Toute cette discussion fut d'ailleurs extrêmement orageuse, fréquemment interrompue, surtout vers la fin, par l'impatience de l'assemblée : elle ne fut pas moins vive dans la capitale. Nul doute_ même que l'adoption d'un parti mitoyen, celui du veto suspensif, ne fût surtout l'effet du désir de conserver une moyenne entre les deux opinions absolues, celle de la cour et celle qui paraissait po pulaire.

En effet, ainsi que nous l'avons vu, tous les districts de la capitale agitèrent cette question. Il s'agissait pour eux, non de la décider, mais d'obtenir un ajournement, et l'appel au peuple. Dans le plus grand nombre, la discussion n'eut point de conclusion : la question était terminée dans l'assemblée, lorsqu'elle commençait à peine chez eux. Dans quelques autres, le parti qu'avaient choisi les représentants de la commune triompha. Dans trois districts seulement, la majorité fut rapidement formée et d'accord pour que la commune de Paris insistât auprès de l'assemblée afin d'obtenir d'elle les deux concessions dont il s'agit : ce furent ceux de SaintGermain-l'Auxerrois, Saint-Étienne-du-Mont, et Saint-Jacquesde-l'Hôpital. Une députation de la ville de Rennes vint, le 4 septembre, solliciter les représentants de Paris dans le même sens;

ayant été écartée, elle s'adressa à l'assemblée nationale, et lui envoya la protestation dont elle était porteur. Cette démarche manqua d'exciter un orage dans l'assemblée : sans l'appui du côté gauche, elle eût été peut-être injurieusement repoussée.
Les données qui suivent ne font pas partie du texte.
(* Let $\theta\in[0,1)$, let $\psi_1,\psi_2:\mathbb{N}\to(0,\infty)$ with $\psi_2\le\psi_1$, $\psi_2$ decreasing, and $\lambda(\psi_2)=\tau_2\ge 2$. Fix $\epsilon\in(0,1)$. For $M>1$ set $c_M=M^{-\epsilon/100}$, and for primes $q$ with $M\le q<2M$ and integers $0\le r<q$ put \[x_{q,r}=\frac{r-\theta}{q}+\psi_1(q)-\tfrac{c_M}{2}\psi_2(q),\qquad \phi_{r,q}(x)=(c_M\psi_2(q))^{-1}\,\phi\big((c_M\psi_2(q))^{-1}(x-x_{q,r})\big),\] where $\phi$ is a fixed nonnegative, not identically zero, smooth function on $\mathbb{R}$ supported in $[-1/2,1/2]$ with $|\hat\phi(\xi)|\le C\exp(-|\xi|^{3/4})$ for all sufficiently large $|\xi|$. Let $g_M=\sum_{M\le q<2M,\ q\text{ prime}}\sum_{0\le r<q}\phi_{r,q}$ and $f_M=g_M/\hat g_M(0)$. Then there exist $M_0=M_0(\epsilon,\psi_1,\psi_2,\theta,\phi)$ and $C_\epsilon$ such that for all $M\ge M_0$ and all integers $s$: \begin{align*} \hat f_M(0)&=1,\\ \hat f_M(s)&=0 &&\text{if }1\le|s|<M,\\ |\hat f_M(s)|&\le C_\epsilon M^{-1+\epsilon} &&\text{if }M\le|s|\le M^{\tau_2(1+\epsilon/2)},\\ |\hat f_M(s)|&\le\exp\Big(-\Big|\frac{s}{M^{\tau_2}}\Big|^{1/2}\Big) &&\text{if }|s|\ge M^{\tau_2(1+\epsilon/2)}. \end{align*}
   Context: $\lambda(\psi):=-\lim_{q\to\infty}\frac{\log\psi(q)}{\log q}$ (assumed to exist). Fourier transform on $\mathbb{R}$: $\hat f(\xi)=\int e^{-2\pi i x\xi}f(x)\,dx$. *)

theory Defs
  imports "HOL-Analysis.Analysis"
begin

definition fourier :: "(real \<Rightarrow> complex) \<Rightarrow> real \<Rightarrow> complex" where
  "fourier f \<xi> = (\<integral>x. exp (- (2 * pi * \<i> * complex_of_real (x * \<xi>))) * f x \<partial>lborel)"

definition smooth_fun :: "(real \<Rightarrow> real) \<Rightarrow> bool" where
  "smooth_fun f \<longleftrightarrow> (\<forall>k x. ((deriv ^^ k) f) differentiable (at x))"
Cependant « rien de si naturel que la délibération des citoyens. de la ville de Rennes, observe Marat (le Publiciste parisien, journal politique, etc.), rien de si juste que les principes qui lui servent de fondement, rien de si étrange que les réclamations qu'elle a excitées, et rien de plus odieux que les motions auxquelles elle a donné lieu... Si la délibération de Rennes devait trouver un zélé défenseur, c'était le comte de Mirabeau... Mais, au lieu d'épouser la cause de la nation, il a pris un ton d'importance pour élever l'autorité des députés au-dessus de celle des commettants.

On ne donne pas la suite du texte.